Renormalization of nanoparticle polarizability in the vicinity of a graphene-covered interface

TL;DR

This paper investigates how the electromagnetic coupling between nanoparticles and a graphene sheet at an interface alters the particles' polarizability, enabling enhanced surface plasmon excitation and absorption in the terahertz range.

Contribution

It introduces a model for the renormalization of nanoparticle polarizability due to coupling with graphene surface plasmons, revealing dispersive effects and potential for THz applications.

Findings

Polarizability is significantly renormalized near graphene surface plasmons.

The effect is prominent for metallic nanoparticles in the THz range.

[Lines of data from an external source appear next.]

(* Let $\alpha\in(\pi/8,3\pi/8)$ with $\alpha/\pi\notin\mathbb{Q}$, $\beta=\alpha-\pi/2$, $\rho=0.01$, $A_1=\rho R(\alpha)$, $A_2=\rho R(\beta)$ where $R(\theta)=\begin{bmatrix}\cos\theta&-\sin\theta\\ \sin\theta&\cos\theta\end{bmatrix}$, and $c(x)=x_1^2+2x_2^2$ for $x=[x_1,x_2]^\top\in\mathbb{R}^2$. Then the optimal value function $J^\star$ of $\{A_1,A_2\}$ with cost $c$ is non-differentiable on a dense subset of $\mathbb{R}^2$.
   Context: For the switched linear system $\xi(t+1)=A_{\sigma(t)}\xi(t)$ with switching signal $\sigma:\mathbb{N}\to\{1,2\}$, $\xi(t,x,\sigma)$ denotes the solution with $\xi(0)=x$, and $J^\star(x)=\inf_\sigma\sum_{t=0}^\infty c(\xi(t,x,\sigma))$. *)

theory Defs
  imports "HOL-Analysis.Analysis"
begin

definition rot :: "real \<Rightarrow> real^2^2" where
  "rot \<theta> = vector [vector [cos \<theta>, - sin \<theta>], vector [sin \<theta>, cos \<theta>]]"

fun sw_sol :: "(nat \<Rightarrow> real^'n^'n) \<Rightarrow> nat \<Rightarrow> real^'n \<Rightarrow> (nat \<Rightarrow> nat) \<Rightarrow> real^'n" where
  "sw_sol A 0 x \<sigma> = x"
| "sw_sol A (Suc t) x \<sigma> = A (\<sigma> t) *v sw_sol A t x \<sigma>"

definition Jstar :: "(nat \<Rightarrow> real^'n^'n) \<Rightarrow> (real^'n \<Rightarrow> real) \<Rightarrow> real^'n \<Rightarrow> ennreal" where
  "Jstar A c x = (INF \<sigma>\<in>{\<sigma>. \<forall>t. \<sigma> t \<in> {1,2}}. (\<Sum>t. ennreal (c (sw_sol A t x \<sigma>))))"

end

theory Submission
  imports Defs "HOL-Analysis.Kronecker_Approximation_Theorem"
begin

(* Since A_2 = A_1 R(-pi/2), a switching signal only decides how many quarter turns have been
   applied so far, and the cost c is invariant under half turns; so at every time t >= 1 the
   signal can freely choose the cheaper of c(R(t alpha) x) and c(R(t alpha - pi/2) x). Hence J*
   is the series of rho^(2t) times the minimum of two quadratic forms of R(t alpha) x. Where the
   two forms agree, i.e. where R(k alpha) x lies on the diagonal, this minimum has a concave kink,
   which makes the symmetric second difference of J* along a suitable direction at most
   C s^2 - c s with c > 0; no function differentiable at x admits such a bound. Because alpha/pi
   is irrational, k alpha is dense modulo pi, so these points are dense in the plane. *)

lemma rot_mulv_nth:
  "(rot \<theta> *v y) $ 1 = cos \<theta> * y $ 1 - sin \<theta> * y $ 2"
  "(rot \<theta> *v y) $ 2 = sin \<theta> * y $ 1 + cos \<theta> * y $ 2"
  by (simp_all add: rot_def matrix_vector_mult_def sum_2)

Enhanced surface plasmon excitation and absorption can be achieved with metallic nanoparticle monolayers.

Abstract

We study the electromagnetic properties of a metamaterial consisting of polarizable (nano)particles and a single graphene sheet placed at the interface between two dielectrics. We show that the particle's polarizability is renormalized because of the electromagnetic coupling to surface plasmons supported by graphene, which results in a dispersive behavior, different for the polarizability components corresponding to the induced dipole moment, parallel and perpendicular to the graphene sheet. In particular, this effect is predicted to take place for a metallic particle whose bare polarizability in the terahertz (THz) region is practically equal to the cube of its radius (times $4\pi \varepsilon_0$). This opens the possibility to excite surface plasmons in graphene and enhance its absorption in the THz range by simply using a monolayer of metallic particles randomly deposited on top of it, as we show by explicit calculations.